▶ WORK REQUIRED: Copy out each line of the data that holds the word "short".

▶ THE DATA:
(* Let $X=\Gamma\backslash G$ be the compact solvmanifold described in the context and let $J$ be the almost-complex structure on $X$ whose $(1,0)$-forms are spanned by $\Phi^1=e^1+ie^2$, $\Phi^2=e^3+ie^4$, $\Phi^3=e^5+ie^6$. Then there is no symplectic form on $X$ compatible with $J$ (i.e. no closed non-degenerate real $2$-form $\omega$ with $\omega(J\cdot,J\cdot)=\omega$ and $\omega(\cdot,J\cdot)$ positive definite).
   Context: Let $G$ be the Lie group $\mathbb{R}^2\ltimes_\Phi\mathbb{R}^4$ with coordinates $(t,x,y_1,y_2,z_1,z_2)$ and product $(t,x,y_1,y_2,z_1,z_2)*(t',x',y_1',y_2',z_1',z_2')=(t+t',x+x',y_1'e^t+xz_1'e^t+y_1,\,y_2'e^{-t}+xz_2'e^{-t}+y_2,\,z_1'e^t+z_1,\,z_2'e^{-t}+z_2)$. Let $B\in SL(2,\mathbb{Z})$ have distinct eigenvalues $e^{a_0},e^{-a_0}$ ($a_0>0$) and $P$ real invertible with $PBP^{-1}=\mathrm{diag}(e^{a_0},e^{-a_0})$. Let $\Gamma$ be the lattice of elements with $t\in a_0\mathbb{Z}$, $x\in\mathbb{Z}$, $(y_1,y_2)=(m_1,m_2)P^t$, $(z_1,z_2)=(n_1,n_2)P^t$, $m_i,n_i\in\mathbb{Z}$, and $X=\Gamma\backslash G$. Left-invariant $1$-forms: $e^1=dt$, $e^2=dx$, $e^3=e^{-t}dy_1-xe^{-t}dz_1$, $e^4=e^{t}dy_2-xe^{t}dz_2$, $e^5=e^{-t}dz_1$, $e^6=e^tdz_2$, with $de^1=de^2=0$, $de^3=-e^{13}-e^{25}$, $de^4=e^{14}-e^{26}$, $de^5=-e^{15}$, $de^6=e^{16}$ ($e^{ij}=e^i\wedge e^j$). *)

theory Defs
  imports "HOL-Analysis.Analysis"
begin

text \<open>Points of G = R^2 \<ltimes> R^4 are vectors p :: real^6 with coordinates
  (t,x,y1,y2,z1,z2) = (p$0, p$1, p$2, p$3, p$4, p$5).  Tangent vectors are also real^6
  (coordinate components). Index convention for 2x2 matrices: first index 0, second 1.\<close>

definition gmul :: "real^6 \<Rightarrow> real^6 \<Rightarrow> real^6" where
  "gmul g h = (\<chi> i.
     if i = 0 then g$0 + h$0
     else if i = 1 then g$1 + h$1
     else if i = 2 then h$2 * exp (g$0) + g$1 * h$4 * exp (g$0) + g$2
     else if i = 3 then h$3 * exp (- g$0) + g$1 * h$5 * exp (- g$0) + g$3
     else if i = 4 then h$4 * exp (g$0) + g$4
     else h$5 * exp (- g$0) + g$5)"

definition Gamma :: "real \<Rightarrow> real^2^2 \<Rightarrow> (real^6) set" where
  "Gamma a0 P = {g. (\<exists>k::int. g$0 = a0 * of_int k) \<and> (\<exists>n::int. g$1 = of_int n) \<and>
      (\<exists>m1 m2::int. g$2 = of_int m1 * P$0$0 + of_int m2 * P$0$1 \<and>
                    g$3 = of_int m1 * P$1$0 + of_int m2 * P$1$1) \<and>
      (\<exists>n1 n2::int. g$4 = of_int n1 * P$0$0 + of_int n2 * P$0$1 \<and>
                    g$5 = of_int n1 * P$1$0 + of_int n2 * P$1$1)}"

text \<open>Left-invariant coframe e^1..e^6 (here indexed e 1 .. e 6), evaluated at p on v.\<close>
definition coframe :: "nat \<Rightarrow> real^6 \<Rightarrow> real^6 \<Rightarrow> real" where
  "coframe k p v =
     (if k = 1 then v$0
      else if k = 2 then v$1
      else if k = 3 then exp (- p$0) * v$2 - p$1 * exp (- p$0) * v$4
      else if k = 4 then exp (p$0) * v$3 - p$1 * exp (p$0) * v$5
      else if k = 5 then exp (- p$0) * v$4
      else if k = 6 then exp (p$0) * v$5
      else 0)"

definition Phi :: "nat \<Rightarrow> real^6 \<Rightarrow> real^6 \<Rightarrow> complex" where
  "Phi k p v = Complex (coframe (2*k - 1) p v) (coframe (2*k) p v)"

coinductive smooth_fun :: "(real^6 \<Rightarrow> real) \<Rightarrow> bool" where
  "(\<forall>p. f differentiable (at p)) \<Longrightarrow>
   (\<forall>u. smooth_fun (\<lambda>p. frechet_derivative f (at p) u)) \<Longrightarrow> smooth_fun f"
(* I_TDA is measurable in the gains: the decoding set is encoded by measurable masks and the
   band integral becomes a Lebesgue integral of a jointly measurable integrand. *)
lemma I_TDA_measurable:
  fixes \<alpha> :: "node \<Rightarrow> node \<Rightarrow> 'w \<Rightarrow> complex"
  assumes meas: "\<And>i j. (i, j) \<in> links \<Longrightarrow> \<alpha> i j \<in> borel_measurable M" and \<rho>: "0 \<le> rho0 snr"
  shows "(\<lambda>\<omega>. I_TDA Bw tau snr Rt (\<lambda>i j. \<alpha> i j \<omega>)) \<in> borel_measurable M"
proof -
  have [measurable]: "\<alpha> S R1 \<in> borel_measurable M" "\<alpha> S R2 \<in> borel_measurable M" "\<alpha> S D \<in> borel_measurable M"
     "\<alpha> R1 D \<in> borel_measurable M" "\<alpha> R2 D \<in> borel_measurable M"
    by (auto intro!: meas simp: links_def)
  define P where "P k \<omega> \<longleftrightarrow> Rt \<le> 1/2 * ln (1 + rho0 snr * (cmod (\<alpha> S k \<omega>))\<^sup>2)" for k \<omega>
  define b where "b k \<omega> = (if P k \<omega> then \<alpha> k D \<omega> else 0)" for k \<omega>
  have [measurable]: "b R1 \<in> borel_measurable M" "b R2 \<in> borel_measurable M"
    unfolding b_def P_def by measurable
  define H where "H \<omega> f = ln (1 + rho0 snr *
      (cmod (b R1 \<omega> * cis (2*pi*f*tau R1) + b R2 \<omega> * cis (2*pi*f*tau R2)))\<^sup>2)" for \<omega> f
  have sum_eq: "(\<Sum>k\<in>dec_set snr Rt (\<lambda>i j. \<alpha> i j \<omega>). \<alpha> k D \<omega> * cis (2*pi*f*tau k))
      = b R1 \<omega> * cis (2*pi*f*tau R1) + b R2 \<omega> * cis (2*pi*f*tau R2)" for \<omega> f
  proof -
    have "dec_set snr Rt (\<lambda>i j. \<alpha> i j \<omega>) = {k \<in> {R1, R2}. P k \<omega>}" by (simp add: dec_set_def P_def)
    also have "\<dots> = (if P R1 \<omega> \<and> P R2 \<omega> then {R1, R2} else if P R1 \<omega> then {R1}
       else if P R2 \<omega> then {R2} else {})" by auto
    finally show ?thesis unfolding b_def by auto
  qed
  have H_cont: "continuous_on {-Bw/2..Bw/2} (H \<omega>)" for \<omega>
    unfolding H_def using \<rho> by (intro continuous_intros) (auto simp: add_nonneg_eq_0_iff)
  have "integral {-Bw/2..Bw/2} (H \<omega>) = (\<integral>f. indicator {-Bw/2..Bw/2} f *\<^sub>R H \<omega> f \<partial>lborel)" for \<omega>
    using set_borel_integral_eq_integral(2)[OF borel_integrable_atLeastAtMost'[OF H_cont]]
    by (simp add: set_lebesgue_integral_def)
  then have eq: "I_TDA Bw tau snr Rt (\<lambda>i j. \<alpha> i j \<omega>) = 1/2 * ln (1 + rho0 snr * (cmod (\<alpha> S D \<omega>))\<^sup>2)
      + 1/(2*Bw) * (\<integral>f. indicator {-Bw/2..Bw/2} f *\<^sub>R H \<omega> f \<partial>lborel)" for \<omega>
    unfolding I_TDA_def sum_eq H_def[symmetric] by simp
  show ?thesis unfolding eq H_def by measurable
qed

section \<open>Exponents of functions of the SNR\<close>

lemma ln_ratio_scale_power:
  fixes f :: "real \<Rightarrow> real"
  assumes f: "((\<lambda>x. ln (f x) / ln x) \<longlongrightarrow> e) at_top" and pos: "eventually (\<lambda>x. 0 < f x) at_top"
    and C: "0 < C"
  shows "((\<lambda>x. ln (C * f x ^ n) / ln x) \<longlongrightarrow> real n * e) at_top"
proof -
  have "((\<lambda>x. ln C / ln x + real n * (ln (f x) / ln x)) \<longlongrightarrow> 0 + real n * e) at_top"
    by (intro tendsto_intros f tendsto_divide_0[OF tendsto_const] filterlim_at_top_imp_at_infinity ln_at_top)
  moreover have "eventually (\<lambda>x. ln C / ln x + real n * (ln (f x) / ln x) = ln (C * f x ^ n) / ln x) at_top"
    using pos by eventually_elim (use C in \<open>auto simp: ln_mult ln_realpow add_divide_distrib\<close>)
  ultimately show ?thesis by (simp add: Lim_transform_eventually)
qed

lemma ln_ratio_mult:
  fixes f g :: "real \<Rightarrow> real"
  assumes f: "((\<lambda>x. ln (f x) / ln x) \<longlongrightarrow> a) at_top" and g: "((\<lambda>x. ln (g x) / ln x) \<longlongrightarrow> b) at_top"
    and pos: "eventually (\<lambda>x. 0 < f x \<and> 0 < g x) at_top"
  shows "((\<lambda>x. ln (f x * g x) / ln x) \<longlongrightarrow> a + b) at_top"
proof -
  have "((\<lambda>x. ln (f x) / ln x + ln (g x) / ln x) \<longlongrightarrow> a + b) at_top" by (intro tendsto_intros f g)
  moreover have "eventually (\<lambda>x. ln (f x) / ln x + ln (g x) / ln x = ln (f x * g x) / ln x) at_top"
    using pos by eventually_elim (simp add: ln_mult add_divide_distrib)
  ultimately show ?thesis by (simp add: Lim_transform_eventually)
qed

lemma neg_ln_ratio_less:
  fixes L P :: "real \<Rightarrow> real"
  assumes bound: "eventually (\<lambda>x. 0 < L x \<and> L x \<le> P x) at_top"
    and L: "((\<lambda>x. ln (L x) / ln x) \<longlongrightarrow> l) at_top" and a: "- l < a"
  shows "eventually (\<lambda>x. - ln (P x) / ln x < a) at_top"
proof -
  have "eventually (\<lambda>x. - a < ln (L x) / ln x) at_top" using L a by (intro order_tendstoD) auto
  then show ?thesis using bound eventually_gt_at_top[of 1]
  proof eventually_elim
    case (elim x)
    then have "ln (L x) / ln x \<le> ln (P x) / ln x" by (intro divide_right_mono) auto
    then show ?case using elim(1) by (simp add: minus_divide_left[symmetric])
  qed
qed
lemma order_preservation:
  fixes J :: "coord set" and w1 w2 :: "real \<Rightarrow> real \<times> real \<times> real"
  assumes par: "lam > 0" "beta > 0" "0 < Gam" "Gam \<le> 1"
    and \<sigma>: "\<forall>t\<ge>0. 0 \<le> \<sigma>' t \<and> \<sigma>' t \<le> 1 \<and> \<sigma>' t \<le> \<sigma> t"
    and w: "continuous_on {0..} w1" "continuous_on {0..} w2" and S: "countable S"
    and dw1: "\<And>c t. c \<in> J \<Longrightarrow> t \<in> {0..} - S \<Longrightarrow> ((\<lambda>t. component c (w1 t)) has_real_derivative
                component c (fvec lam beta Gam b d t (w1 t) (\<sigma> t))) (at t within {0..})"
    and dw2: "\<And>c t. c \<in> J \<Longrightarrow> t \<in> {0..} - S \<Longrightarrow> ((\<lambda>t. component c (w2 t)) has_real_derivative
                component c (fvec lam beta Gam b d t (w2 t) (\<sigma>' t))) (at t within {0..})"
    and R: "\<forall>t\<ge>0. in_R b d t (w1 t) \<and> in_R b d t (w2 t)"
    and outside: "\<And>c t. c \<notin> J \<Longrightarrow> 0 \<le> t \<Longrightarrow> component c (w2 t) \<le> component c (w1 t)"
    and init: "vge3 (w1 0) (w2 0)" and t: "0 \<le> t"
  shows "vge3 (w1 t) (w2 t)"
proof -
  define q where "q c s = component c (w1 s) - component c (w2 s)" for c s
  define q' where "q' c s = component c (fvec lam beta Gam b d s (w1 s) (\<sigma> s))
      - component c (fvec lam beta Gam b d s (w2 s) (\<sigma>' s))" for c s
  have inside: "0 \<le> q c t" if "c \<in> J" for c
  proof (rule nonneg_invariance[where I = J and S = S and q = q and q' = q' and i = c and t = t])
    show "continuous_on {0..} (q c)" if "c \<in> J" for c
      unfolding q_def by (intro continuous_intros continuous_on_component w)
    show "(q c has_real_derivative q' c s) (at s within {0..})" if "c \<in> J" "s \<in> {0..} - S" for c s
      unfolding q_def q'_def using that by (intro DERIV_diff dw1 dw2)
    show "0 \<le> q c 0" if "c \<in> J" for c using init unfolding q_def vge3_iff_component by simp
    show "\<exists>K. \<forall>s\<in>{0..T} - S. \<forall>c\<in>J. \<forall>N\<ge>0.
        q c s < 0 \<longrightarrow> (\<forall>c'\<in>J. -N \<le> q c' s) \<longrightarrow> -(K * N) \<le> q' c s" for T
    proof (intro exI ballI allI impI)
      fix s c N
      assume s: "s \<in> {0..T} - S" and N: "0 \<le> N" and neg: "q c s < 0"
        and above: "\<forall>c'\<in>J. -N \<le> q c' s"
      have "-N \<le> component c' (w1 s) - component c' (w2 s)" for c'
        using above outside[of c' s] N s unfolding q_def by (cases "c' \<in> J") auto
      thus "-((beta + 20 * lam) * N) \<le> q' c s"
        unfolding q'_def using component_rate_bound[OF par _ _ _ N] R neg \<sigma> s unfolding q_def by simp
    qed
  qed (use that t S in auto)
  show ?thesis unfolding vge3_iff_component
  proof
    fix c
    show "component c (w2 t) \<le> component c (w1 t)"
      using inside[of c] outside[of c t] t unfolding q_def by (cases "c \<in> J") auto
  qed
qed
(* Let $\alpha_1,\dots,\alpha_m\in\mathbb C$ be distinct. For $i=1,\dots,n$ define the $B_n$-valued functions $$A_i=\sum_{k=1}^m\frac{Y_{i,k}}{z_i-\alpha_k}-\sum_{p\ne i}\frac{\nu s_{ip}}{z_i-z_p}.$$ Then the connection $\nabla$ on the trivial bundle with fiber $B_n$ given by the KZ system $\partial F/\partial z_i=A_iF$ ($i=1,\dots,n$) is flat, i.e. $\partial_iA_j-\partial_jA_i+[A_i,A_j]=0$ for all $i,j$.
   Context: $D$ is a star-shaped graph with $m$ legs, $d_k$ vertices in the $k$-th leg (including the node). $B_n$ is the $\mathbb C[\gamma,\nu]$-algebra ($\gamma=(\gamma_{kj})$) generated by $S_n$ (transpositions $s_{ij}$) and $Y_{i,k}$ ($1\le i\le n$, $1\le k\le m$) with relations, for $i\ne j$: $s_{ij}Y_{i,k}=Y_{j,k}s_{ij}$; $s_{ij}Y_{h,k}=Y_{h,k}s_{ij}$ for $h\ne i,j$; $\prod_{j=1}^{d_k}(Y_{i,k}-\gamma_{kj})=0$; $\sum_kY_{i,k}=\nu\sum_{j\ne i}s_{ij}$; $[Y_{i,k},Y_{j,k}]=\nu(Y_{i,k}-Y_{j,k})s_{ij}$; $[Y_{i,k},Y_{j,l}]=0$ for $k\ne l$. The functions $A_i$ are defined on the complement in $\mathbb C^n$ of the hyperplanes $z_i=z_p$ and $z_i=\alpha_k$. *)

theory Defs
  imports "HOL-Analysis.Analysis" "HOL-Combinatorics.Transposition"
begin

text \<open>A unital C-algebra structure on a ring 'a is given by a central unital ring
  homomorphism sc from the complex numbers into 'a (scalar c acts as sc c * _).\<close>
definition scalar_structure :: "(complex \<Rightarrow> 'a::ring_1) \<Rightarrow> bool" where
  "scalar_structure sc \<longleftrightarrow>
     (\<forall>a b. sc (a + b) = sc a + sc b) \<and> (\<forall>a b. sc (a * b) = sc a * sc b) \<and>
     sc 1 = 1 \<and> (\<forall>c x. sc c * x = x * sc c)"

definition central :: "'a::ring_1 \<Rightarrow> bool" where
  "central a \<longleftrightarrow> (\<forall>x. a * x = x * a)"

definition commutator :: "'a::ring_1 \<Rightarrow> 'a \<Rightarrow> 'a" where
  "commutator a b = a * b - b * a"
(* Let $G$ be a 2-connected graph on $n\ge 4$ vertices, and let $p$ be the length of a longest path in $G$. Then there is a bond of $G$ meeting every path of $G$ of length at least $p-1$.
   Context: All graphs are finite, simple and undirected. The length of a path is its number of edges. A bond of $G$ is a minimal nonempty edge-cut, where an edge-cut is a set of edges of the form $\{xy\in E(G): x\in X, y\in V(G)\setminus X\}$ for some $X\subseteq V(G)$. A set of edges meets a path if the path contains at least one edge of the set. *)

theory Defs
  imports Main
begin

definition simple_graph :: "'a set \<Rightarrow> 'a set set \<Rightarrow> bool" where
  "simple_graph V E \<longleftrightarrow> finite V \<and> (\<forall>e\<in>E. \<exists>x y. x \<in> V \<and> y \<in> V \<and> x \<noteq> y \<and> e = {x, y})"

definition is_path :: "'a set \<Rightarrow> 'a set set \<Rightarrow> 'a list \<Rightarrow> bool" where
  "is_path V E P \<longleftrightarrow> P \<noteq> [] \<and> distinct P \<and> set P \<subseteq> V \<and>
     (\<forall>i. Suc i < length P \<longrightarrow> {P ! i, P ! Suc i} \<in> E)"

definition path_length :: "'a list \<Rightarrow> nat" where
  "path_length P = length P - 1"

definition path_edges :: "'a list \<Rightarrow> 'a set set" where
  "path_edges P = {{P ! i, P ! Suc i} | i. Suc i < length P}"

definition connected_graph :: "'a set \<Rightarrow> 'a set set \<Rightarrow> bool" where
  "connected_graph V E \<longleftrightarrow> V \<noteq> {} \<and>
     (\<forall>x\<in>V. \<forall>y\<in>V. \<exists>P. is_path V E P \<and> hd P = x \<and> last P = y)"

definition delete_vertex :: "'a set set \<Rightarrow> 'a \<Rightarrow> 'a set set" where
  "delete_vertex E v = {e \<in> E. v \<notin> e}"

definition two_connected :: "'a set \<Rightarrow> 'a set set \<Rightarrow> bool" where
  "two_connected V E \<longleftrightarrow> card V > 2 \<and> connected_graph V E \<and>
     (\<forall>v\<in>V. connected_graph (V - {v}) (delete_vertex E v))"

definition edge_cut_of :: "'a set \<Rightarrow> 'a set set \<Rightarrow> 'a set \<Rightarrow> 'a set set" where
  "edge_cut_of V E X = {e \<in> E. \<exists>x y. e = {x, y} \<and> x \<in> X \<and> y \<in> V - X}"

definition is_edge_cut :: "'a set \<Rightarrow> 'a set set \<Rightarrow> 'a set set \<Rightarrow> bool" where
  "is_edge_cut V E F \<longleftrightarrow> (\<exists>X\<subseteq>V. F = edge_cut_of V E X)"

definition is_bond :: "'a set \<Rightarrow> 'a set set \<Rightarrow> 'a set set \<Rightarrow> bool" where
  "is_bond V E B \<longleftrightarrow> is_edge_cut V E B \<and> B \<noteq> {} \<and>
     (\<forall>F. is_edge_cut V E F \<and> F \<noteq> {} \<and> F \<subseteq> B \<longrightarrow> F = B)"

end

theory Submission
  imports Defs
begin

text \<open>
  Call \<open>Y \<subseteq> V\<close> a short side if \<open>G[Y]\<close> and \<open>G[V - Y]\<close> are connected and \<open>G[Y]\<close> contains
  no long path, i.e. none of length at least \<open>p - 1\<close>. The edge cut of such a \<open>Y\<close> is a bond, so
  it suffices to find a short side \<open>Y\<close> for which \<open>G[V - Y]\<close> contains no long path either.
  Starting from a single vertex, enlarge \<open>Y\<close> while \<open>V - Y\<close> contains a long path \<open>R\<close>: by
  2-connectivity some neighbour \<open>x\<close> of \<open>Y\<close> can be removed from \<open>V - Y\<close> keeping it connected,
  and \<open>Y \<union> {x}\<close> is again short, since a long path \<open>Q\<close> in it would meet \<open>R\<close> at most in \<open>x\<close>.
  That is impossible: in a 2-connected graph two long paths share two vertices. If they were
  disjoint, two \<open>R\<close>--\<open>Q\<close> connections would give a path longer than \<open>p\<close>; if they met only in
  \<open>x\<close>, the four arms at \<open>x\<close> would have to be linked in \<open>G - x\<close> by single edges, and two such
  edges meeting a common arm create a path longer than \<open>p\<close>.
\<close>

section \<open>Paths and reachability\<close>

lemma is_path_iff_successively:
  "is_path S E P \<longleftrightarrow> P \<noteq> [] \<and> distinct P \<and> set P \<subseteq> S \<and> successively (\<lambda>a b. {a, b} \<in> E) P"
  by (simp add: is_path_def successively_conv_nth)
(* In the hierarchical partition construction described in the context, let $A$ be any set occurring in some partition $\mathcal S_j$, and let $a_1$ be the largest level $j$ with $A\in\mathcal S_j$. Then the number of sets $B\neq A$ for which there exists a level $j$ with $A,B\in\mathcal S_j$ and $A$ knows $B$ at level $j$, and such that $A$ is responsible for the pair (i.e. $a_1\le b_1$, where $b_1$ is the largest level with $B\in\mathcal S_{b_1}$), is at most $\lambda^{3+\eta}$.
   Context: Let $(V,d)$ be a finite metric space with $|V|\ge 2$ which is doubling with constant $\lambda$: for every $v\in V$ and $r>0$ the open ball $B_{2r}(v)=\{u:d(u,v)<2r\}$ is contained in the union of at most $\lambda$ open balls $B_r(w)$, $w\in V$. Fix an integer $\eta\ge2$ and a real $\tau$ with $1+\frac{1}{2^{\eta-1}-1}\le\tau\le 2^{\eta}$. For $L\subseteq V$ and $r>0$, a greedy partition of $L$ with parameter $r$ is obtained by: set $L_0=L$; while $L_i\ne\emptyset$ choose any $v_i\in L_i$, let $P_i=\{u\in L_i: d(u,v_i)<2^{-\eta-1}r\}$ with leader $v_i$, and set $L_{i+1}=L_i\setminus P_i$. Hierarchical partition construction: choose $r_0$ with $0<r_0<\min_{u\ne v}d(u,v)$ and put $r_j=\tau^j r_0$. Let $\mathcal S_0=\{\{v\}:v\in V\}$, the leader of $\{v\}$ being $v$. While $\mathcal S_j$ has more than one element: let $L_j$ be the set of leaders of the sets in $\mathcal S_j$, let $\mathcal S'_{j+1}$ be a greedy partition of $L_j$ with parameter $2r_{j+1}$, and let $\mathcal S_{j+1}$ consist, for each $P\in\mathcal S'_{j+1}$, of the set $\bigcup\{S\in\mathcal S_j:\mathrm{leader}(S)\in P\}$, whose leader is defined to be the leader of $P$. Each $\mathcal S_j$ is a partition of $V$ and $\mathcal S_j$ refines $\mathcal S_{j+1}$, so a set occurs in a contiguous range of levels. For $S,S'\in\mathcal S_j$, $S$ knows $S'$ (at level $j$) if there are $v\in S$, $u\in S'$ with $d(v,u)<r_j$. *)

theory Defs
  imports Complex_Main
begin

▶ RESPONSE FOR THIS EXERCISE:
  Call \<open>Y \<subseteq> V\<close> a short side if \<open>G[Y]\<close> and \<open>G[V - Y]\<close> are connected and \<open>G[Y]\<close> contains
  it suffices to find a short side \<open>Y\<close> for which \<open>G[V - Y]\<close> contains no long path either.
  and \<open>Y \<union> {x}\<close> is again short, since a long path \<open>Q\<close> in it would meet \<open>R\<close> at most in \<open>x\<close>.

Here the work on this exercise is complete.